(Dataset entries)

lemma prob_window_clash:
  assumes "x \<in> V" "y \<in> V" "0 \<le> a" "a < b"
  shows "measure M {\<omega> \<in> space M. window_clash (\<lambda>y. N (Ons y) \<omega>) x y a b} \<le> (b - a)\<^sup>2"
proof (cases "x = y")
  case True
  then show ?thesis
    using ppp_family_prob_count[OF graphical_rep_ppp_family, of "Ons x" a b "\<lambda>n. 2 \<le> n"]
      poisson_prob_ge_2[of "b - a"] assms by (simp add: window_clash_def)
next
  case False
  have "measure M {\<omega> \<in> space M. window_clash (\<lambda>y. N (Ons y) \<omega>) x y a b}
      = measure M {\<omega> \<in> space M. 1 \<le> card (N (Ons x) \<omega> \<inter> {a<..b})} *
        measure M {\<omega> \<in> space M. 1 \<le> card (N (Ons y) \<omega> \<inter> {a<..b})}"
    using False assms unfolding window_clash_def
    by (simp add: ppp_family_prob_count_indep[OF graphical_rep_ppp_family])
  also have "\<dots> \<le> (b - a) * (b - a)"
    using assms by (intro mult_mono prob_some_onset_le) auto
  finally show ?thesis by (simp add: power2_eq_square)
qed

lemma sets_onsets_recovered:
  assumes V: "finite V"
  shows "{\<omega> \<in> space M. onsets_recovered V T (\<lambda>i. N i \<omega>)} \<in> sets M"
proof -
  note ppp = graphical_rep_ppp_family
  have rlf: "random_locally_finite_set M (N (Ons x))" "random_locally_finite_set M (N (Rec x))"
    if "x \<in> V" for x
    using that by (auto intro: ppp_family_random_locally_finite_set[OF ppp])
  have [measurable]: "(\<lambda>\<omega>. kth_point (N (Ons x) \<omega>) k) \<in> borel_measurable M"
    "(\<lambda>\<omega>. kth_point (N (Rec x) \<omega>) k) \<in> borel_measurable M" if "x \<in> V" for x k
    using borel_measurable_kth_point[OF rlf(1)[OF that]] borel_measurable_kth_point[OF rlf(2)[OF that]] .
  have "Measurable.pred M (\<lambda>\<omega>. \<forall>x\<in>V. \<forall>t\<in>N (Ons x) \<omega>. t \<le> T \<longrightarrow>
     (\<exists>t'\<in>N (Rec x) \<omega>. t < t' \<and> (\<forall>y\<in>V. \<forall>u\<in>N (Ons y) \<omega>. \<not> (t < u \<and> u \<le> t'))))"
    by (intro pred_intros_finite(3)[OF V] pred_Ball_points[OF rlf(1)] pred_intros_logic
        pred_Bex_points[OF rlf(2)] pred_intros_finite(3)[OF V] pred_Ball_points[OF rlf(1)])
      measurable
  moreover have "onsets_recovered V T P \<longleftrightarrow> (\<forall>x\<in>V. \<forall>t\<in>P (Ons x). t \<le> T \<longrightarrow>
     (\<exists>t'\<in>P (Rec x). t < t' \<and> (\<forall>y\<in>V. \<forall>u\<in>P (Ons y). \<not> (t < u \<and> u \<le> t'))))" for P
    unfolding onsets_recovered_def disjoint_iff greaterThanAtMost_iff by blast
  ultimately show ?thesis unfolding pred_def by simp
qed

lemma measure_onsets_recovered_ge:
  assumes V: "finite V" and h: "0 < h"
  shows "1 - (real (nat \<lceil>T / h\<rceil>) + 1) * real (card V) ^ 2 * (exp (- (\<tau> * h)) + 4 * h\<^sup>2)
    \<le> measure M {\<omega> \<in> space M. onsets_recovered V T (\<lambda>i. N i \<omega>)}"
proof -
  note ppp = graphical_rep_ppp_family
  define S where "S = {\<omega> \<in> space M. onsets_recovered V T (\<lambda>i. N i \<omega>)}"
  define U where "U = {..nat \<lceil>T / h\<rceil>} \<times> V \<times> V"
  define W where "W = (\<lambda>(k::nat, x, y).
    {\<omega> \<in> space M. card (N (Rec x) \<omega> \<inter> {(real k + 1) * h<..(real k + 2) * h}) = 0} \<union>
    {\<omega> \<in> space M. window_clash (\<lambda>y. N (Ons y) \<omega>) x y (real k * h) ((real k + 2) * h)})"
  have W: "W p \<in> sets M \<and> measure M (W p) \<le> exp (- (\<tau> * h)) + 4 * h\<^sup>2" if pU: "p \<in> U" for p
  proof -
    obtain k x y where p: "p = (k, x, y)" and xy: "x \<in> V" "y \<in> V"
      using pU unfolding U_def by auto
    have ivl: "0 \<le> (real k + 1) * h" "(real k + 1) * h < (real k + 2) * h"
      "0 \<le> real k * h" "real k * h < (real k + 2) * h" using h by auto
    note sets = sets_recovery_count[OF xy(1) ivl(1,2)] sets_window_clash[OF xy ivl(3,4)]
    have len: "(real k + 2) * h - (real k + 1) * h = h" "(real k + 2) * h - real k * h = 2 * h"
      by (simp_all add: algebra_simps)
    have "measure M (W p) \<le> exp (- (\<tau> * h)) + (2 * h)\<^sup>2"
      unfolding p W_def prod.case
      using prob_no_recovery[OF xy(1) ivl(1,2)] prob_window_clash[OF xy ivl(3,4)] unfolding len
      by (intro order_trans[OF measure_Un_le[OF sets]] add_mono) simp_all
    then show ?thesis using sets unfolding p W_def prod.case by (simp add: power2_eq_square)
  qed
  have "space M - S \<subseteq> (\<Union>p\<in>U. W p)"
  proof
    fix \<omega> assume \<omega>: "\<omega> \<in> space M - S"
    have "\<exists>k\<le>nat \<lceil>T / h\<rceil>. \<exists>x\<in>V. \<exists>y\<in>V.
           card (N (Rec x) \<omega> \<inter> {(real k + 1) * h<..(real k + 2) * h}) = 0 \<or>
           window_clash (\<lambda>y. N (Ons y) \<omega>) x y (real k * h) ((real k + 2) * h)"
      using \<omega> h ppp_family_finite_points[OF ppp] ppp_family_points(1)[OF ppp]
      by (intro not_onsets_recovered_window) (auto simp: S_def)
    then show "\<omega> \<in> (\<Union>p\<in>U. W p)" using \<omega> unfolding U_def W_def by fastforce
  qed
  then have "measure M (space M - S) \<le> measure M (\<Union>p\<in>U. W p)"
    using W V unfolding U_def
    by (intro finite_measure.finite_measure_mono[OF prob_space.axioms(1)[OF graphical_rep_prob_space]])
      auto
  also have "\<dots> \<le> (\<Sum>p\<in>U. measure M (W p))"
    using W V unfolding U_def by (intro measure_UNION_le) auto
  also have "\<dots> \<le> real (card U) * (exp (- (\<tau> * h)) + 4 * h\<^sup>2)"
    using W by (intro sum_bounded_above) auto
  also have "real (card U) = (real (nat \<lceil>T / h\<rceil>) + 1) * real (card V) ^ 2"
    unfolding U_def by (simp add: card_cartesian_product power2_eq_square algebra_simps)
  finally show ?thesis
    using prob_space.prob_compl[OF graphical_rep_prob_space sets_onsets_recovered[OF V]] by (simp add: S_def)
qed

lemma measure_onsets_recovered_ge_sqrt:
  assumes V: "finite V" and T: "0 \<le> T"
  shows "1 - real (card V) ^ 2 * ((T * sqrt \<tau> + 2) * (exp (- sqrt \<tau>) + 4 / \<tau>))
    \<le> measure M {\<omega> \<in> space M. onsets_recovered V T (\<lambda>i. N i \<omega>)}"
proof -
  have h: "0 < 1 / sqrt \<tau>" "T / (1 / sqrt \<tau>) = T * sqrt \<tau>" "\<tau> * (1 / sqrt \<tau>) = sqrt \<tau>"
    "4 * (1 / sqrt \<tau>)\<^sup>2 = 4 / \<tau>"
    using \<tau> by (simp_all add: real_div_sqrt power_divide)
  have "real (nat \<lceil>T * sqrt \<tau>\<rceil>) + 1 \<le> T * sqrt \<tau> + 2"
    using ceiling_correct[of "T * sqrt \<tau>"] T \<tau> by simp
  then have "1 - real (card V) ^ 2 * ((T * sqrt \<tau> + 2) * (exp (- sqrt \<tau>) + 4 / \<tau>))
      \<le> 1 - (real (nat \<lceil>T * sqrt \<tau>\<rceil>) + 1) * real (card V) ^ 2 * (exp (- sqrt \<tau>) + 4 / \<tau>)"
    using \<tau> by (simp only: ac_simps) (intro diff_left_mono mult_left_mono mult_right_mono; simp)
  also have "\<dots> \<le> measure M {\<omega> \<in> space M. onsets_recovered V T (\<lambda>i. N i \<omega>)}"
    using measure_onsets_recovered_ge[OF V h(1), of T] unfolding h .
  finally show ?thesis .
qed

end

Your objective: Copy out only the lines above from the one with "- (real (nat \<lceil>T /" to the one with "define W where", inclusive, exactly as they stand.

Task response:
  shows "1 - (real (nat \<lceil>T / h\<rceil>) + 1) * real (card V) ^ 2 * (exp (- (\<tau> * h)) + 4 * h\<^sup>2)
    \<le> measure M {\<omega> \<in> space M. onsets_recovered V T (\<lambda>i. N i \<omega>)}"
proof -
  note ppp = graphical_rep_ppp_family
  define S where "S = {\<omega> \<in> space M. onsets_recovered V T (\<lambda>i. N i \<omega>)}"
  define U where "U = {..nat \<lceil>T / h\<rceil>} \<times> V \<times> V"
  define W where "W = (\<lambda>(k::nat, x, y).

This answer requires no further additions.